An American flag dispute between an Air Force veteran and a Florida condo association has cost the former military man his home, but he hopes to recoup money lost in the running seven-year battle in a new lawsuit, The Washington Post reported.
Larry Murphree has been fighting with the Tides Condominium Association in Sweetwater, Florida, since the organization started fining him $100 per day for a 17-inch American flag he placed in a flower pot in front of his home, the newspaper said.
"I lost it," Murphree said about the letter he received from the association seven years ago, according to the Post. "It just dawned on me there's people that strap on a gun every day to protect me and the people I love. It's a small flag, but it stands for a big thank you."

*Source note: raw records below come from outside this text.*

lemma T_inj: "i \<in> {1..m} \<Longrightarrow> x \<in> {0..1} \<Longrightarrow> y \<in> {0..1} \<Longrightarrow> T i x = T i y \<Longrightarrow> x = y"
  by (metis T_strict_mono linorder_neq_iff order_less_irrefl)

lemma T'_le_1: "i \<in> {1..m} \<Longrightarrow> y \<in> {0..1} \<Longrightarrow> T' i y \<le> 1"
  using deriv_lt[of i y] deriv_fix_le[of i] by (cases "y = coding T (const_word i)") auto

lemma comp_word_in_unit: "\<eta> \<in> Sigma_m m \<Longrightarrow> y \<in> {0..1} \<Longrightarrow> comp_word T \<eta> n y \<in> {0..1}"
proof (induction n arbitrary: \<eta>)
  case (Suc n)
  then have "comp_word T (shift \<eta>) n y \<in> {0..1}"
    using shift_in_Sigma_m by blast
  then show ?case
    using maps_into[OF letter_in_range[OF Suc.prems(1)]] by (force simp: comp_word_Suc)
qed (simp add: comp_word_def)

lemma comp_word_tail_in_image:
  assumes "\<eta> \<in> Sigma_m m" "n \<le> p"
  shows "comp_word T \<eta> p 0 \<in> comp_word T \<eta> n ` {0..1}"
proof -
  have "comp_word T \<eta> p 0 = comp_word T \<eta> n (comp_word T ((shift ^^ n) \<eta>) (p - n) 0)"
    using comp_word_add[of T \<eta> n "p - n" 0] assms(2) by simp
  then show ?thesis
    using comp_word_in_unit[OF funpow_shift_in_Sigma_m[OF assms(1)]] by auto
qed

lemma dist_le_diameter_comp_word:
  assumes "\<eta> \<in> Sigma_m m" "x \<in> comp_word T \<eta> n ` {0..1}" "y \<in> comp_word T \<eta> n ` {0..1}"
  shows "dist x y \<le> diameter (comp_word T \<eta> n ` {0..1})"
proof (rule diameter_bounded_bound[OF _ assms(2,3)])
  show "bounded (comp_word T \<eta> n ` {0..1})"
    by (rule bounded_subset[of "{0..1}"]) (use comp_word_in_unit assms(1) in auto)
qed

lemma coding_limit: "\<eta> \<in> Sigma_m m \<Longrightarrow> (\<lambda>n. comp_word T \<eta> n 0) \<longlonglongrightarrow> coding T \<eta>"
proof -
  assume \<eta>: "\<eta> \<in> Sigma_m m"
  have "Cauchy (\<lambda>n. comp_word T \<eta> n 0)"
  proof (rule metric_CauchyI)
    fix e :: real assume "e > 0"
    then obtain N where N: "\<forall>n\<ge>N. diameter (comp_word T \<eta> n ` {0..1}) < e"
      using diam_unif \<eta> by blast
    have "dist (comp_word T \<eta> p 0) (comp_word T \<eta> q 0) < e" if "p \<ge> N" "q \<ge> N" for p q
      using dist_le_diameter_comp_word[OF \<eta> comp_word_tail_in_image comp_word_tail_in_image,
          of "min p q" p q] N that \<eta> by (smt (verit) min.bounded_iff min.cobounded1 min.cobounded2)
    then show "\<exists>M. \<forall>p\<ge>M. \<forall>q\<ge>M. dist (comp_word T \<eta> p 0) (comp_word T \<eta> q 0) < e"
      by blast
  qed
  then show ?thesis
    unfolding coding_def by (simp add: Cauchy_convergent_iff convergent_LIMSEQ_iff)
qed

lemma coding_in_unit: "\<eta> \<in> Sigma_m m \<Longrightarrow> coding T \<eta> \<in> {0..1}"
  using closed_sequentially[OF closed_atLeastAtMost] coding_limit comp_word_in_unit
  by (metis atLeastAtMost_iff order_refl zero_le_one)

lemma coding_shift:
  assumes "\<eta> \<in> Sigma_m m"
  shows "coding T \<eta> = T (\<eta> 0) (coding T (shift \<eta>))"
proof -
  have s: "shift \<eta> \<in> Sigma_m m"
    using assms shift_in_Sigma_m by blast
  have "(\<lambda>n. T (\<eta> 0) (comp_word T (shift \<eta>) n 0)) \<longlonglongrightarrow> T (\<eta> 0) (coding T (shift \<eta>))"
    by (rule continuous_on_tendsto_compose[OF continuous_on_T coding_limit[OF s] coding_in_unit[OF s]])
       (use comp_word_in_unit s letter_in_range assms in auto)
  moreover have "(\<lambda>n. T (\<eta> 0) (comp_word T (shift \<eta>) n 0)) \<longlonglongrightarrow> coding T \<eta>"
    using LIMSEQ_Suc[OF coding_limit[OF assms]] by (simp add: comp_word_Suc)
  ultimately show ?thesis
    using LIMSEQ_unique by metis
qed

But the condo association openly rejected attempts to personalize homes in the gated community with neighbors claiming they had been forced to take down Christmas lights and dig up flowers around mailbox that ran afoul of association leaders, the Post said.
Murphree, though, refused to budge on the display of his flag, and neither did the condo association, the newspaper said. After mounting fees and a lien placed on his residence, he sold it three years ago.
The Post said he recently was granted a court date for a civil trial in U.S. district court where he is suing the condo association for $1 million.
"He's probably lost . . . hundreds of thousands of dollars of his retirement money, not to mention the time he'll never get back from having to fight this battle," Murphree's attorney Gust Sarris told the Post.
Sarris said he believed his client had an agreement to display the flag several years ago, but after the agreement, the association changed its flag ordinance to a flower pot ordinance, making flag display illegal again in the organization's eyes, according to First Coast News.
"We believe we have the right to display the American flag, we filed suit in federal court," Sarris told First Coast News. "Somehow they re-categorized it and started doing the same thing again, which was the same flag, the same flower pot, the same dirt and the same plant."
The association has not responded to media requests over Murphree's longstanding dispute over his former residence, but the veteran, living in his new location in St. Augustine, said he hopes the case will go to trial next year, per First Coast News.
"Somebody had to stand up and say, 'this is not right,'" Murphree told the broadcaster.